Но ничто во внешности того русского не указывало на советское происхождение. Во-первых, он был одет опрятно, по моде среднего класса, в то время как приезжие из Москвы либо совершенно не следили за своим внешним видом, либо разгуливали в ярких галстуках и шелковых рубахах. Я принял бы его за бывшего агента охранки, который мог вести дело Савинкова в довоенные времена, но потом обратил внимание на его глаза и бледные, непропорциональные уши, которые казались ненормальными разрастаниями на шее. В его маленьких водянистых глазах угадывались злоба и склонность к обману. Мне вспомнились слова Мирабо, который дал такую характеристику Барнаву: «Barnave, tu as les yeux froids et fixes, il n’y a pas de divinité en toi»[6]. И тогда я вспомнил! «Великий оратор» русской революции! Премьер-министр, который угрожал «запереть свое сердце, а ключ выбросить в море»! Человек, который отказался санкционировать отъезд Ники и царской семьи в Англию и настоял на их переводе в Сибирь… Я подозвал официанта.
– Прав ли я? – спросил я. – Вон тот господин – Керенский?
Официант покраснел.
– Простите, монсеньор, но кафе – публичное заведение. К сожалению, мы обязаны пускать всех, кто способен заплатить за чашку кофе.
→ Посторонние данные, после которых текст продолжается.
lemma positive_multiple_exponents_iff_frequency_in_Xi:
  fixes A :: "int^'n^'n"
  assumes nonneg: "\<forall>i j. A$i$j \<ge> 0" and "det A \<noteq> 0" and "N > 0"
  shows "positive_multiple_exponents A N M \<longleftrightarrow> frequency N M \<in> Xi A"
proof -
  have exponent: "(transpose (ratmat A) *v frequency N M)$j = of_nat (monomial_exponent A M j) / of_nat N" for j
    unfolding transpose_ratmat_mult_nth frequency_def monomial_exponent_def of_nat_sum sum_divide_distrib
    using nonneg by (intro sum.cong) auto
  have "positive_multiple_exponents A N M
      \<longleftrightarrow> (\<forall>j. \<exists>v::int. v \<ge> 1 \<and> of_nat (monomial_exponent A M j) / of_nat N = (of_int v :: rat))"
    unfolding positive_multiple_exponents_def
  proof (intro iff_allI iffI)
    fix j
    assume "0 < monomial_exponent A M j \<and> N dvd monomial_exponent A M j"
    then obtain k where "monomial_exponent A M j = N * k" "k > 0"
      by (auto elim!: dvdE)
    then show "\<exists>v::int. v \<ge> 1 \<and> of_nat (monomial_exponent A M j) / of_nat N = (of_int v :: rat)"
      using \<open>N > 0\<close> by (intro exI[of _ "int k"]) simp
  next
    fix j
    assume "\<exists>v::int. v \<ge> 1 \<and> of_nat (monomial_exponent A M j) / of_nat N = (of_int v :: rat)"
    then obtain v :: int where "v \<ge> 1" "of_nat (monomial_exponent A M j) = (of_int (int N * v) :: rat)"
      using \<open>N > 0\<close> by (auto simp: field_simps)
    then have "monomial_exponent A M j = N * nat v"
      by (metis nat_int nat_mult_distrib of_int_of_nat_eq of_int_eq_iff of_nat_0_le_iff)
    then show "0 < monomial_exponent A M j \<and> N dvd monomial_exponent A M j"
      using \<open>N > 0\<close> \<open>v \<ge> 1\<close> by simp
  qed
  also have "\<dots> \<longleftrightarrow> (\<exists>v::int^'n. \<forall>j. v$j \<ge> 1 \<and> of_nat (monomial_exponent A M j) / of_nat N = (of_int (v$j) :: rat))"
  proof
    assume "\<forall>j. \<exists>v::int. v \<ge> 1 \<and> of_nat (monomial_exponent A M j) / of_nat N = (of_int v :: rat)"
    then obtain f where "\<forall>j. f j \<ge> 1 \<and> of_nat (monomial_exponent A M j) / of_nat N = (of_int (f j) :: rat)"
      by metis
    then show "\<exists>v::int^'n. \<forall>j. v$j \<ge> 1 \<and> of_nat (monomial_exponent A M j) / of_nat N = (of_int (v$j) :: rat)"
      by (intro exI[of _ "\<chi> j. f j"]) simp
  qed blast
  also have "\<dots> \<longleftrightarrow> frequency N M \<in> Xi A"
    unfolding mem_Xi_iff[OF \<open>det A \<noteq> 0\<close>] vec_eq_iff exponent by auto
  finally show ?thesis .
qed

lemma age_frequency:
  assumes "size M = N" "N > 0"
  shows "age (frequency N M :: rat^'n::finite) = 1"
  using assms by (simp add: age_def frequency_def size_eq_sum_count flip: sum_divide_distrib of_nat_sum)

lemma ex_frequency_eq:
  fixes A :: "int^'n^'n"
  assumes "det A \<noteq> 0" "det A dvd int N" "N > 0"
    and \<xi>: "\<xi> \<in> Xi A" "age \<xi> = 1" "\<forall>i. \<xi>$i \<ge> 0"
  shows "\<exists>M. size M = N \<and> frequency N M = \<xi>"
proof -
  have "\<exists>c::nat. of_nat c = of_nat N * \<xi>$i" for i
  proof -
    obtain d where "of_int (det A) * \<xi>$i = of_int d"
      using Xi_det_mult_integral[OF assms(1) \<xi>(1)] by blast
    moreover obtain q where "int N = det A * q"
      using assms(2) by blast
    ultimately have "of_nat N * \<xi>$i = (of_int (q * d) :: rat)"
      by (metis mult.assoc mult.commute of_int_mult of_int_of_nat_eq)
    moreover have "of_nat N * \<xi>$i \<ge> 0"
      using \<xi>(3) by simp
    ultimately show ?thesis
      by (metis of_int_0_le_iff of_int_of_nat_eq nonneg_int_cases)
  qed
  then obtain c where c: "\<And>i. of_nat (c i) = of_nat N * \<xi>$i"
    by metis
  define M where "M = (\<Sum>i\<in>UNIV. replicate_mset (c i) i)"
  have count_M: "count M i = c i" for i
    by (simp add: M_def count_sum)
  have "(of_nat (size M) :: rat) = of_nat N * age \<xi>"
    by (simp add: size_eq_sum_count count_M c age_def sum_distrib_left)
  then have "size M = N"
    using \<xi>(2) by simp
  moreover have "frequency N M = \<xi>"
    using assms(3) by (simp add: frequency_def vec_eq_iff count_M c)
  ultimately show ?thesis
    by blast
qed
Он не мог понять причины моего истерического смеха. Почти никто из французов не оценил бы пикантности сцены. Надо быть русским и пережить двадцать лет покушений и бунтов, чтобы оценить тонкую насмешку судьбы! На террасе дешевого парижского кафе встретились Савинков, Керенский и великий князь – все трое в совершенно одинаковом положении. Не в состоянии вернуться в Россию, не желающие забыть прошлое, они давятся от беззубой ненависти, не зная, смогут ли остаться во Франции и по-прежнему пить кофе на террасах… Ощущение было чем-то совершенно новым. Ничего подобного не испытывали ни французские эмигранты конца восемнадцатого века, ни строптивые Стюарты. Никогда Робеспьер не сидел с герцогом Орлеанским в номере на грязном постоялом дворе в Филадельфии, который последний был не в состоянии оплатить, и никогда Кромвель не скакал бок о бок с Карлом II по грязным полям Бургундии в поисках еды и займа в размере пяти фунтов.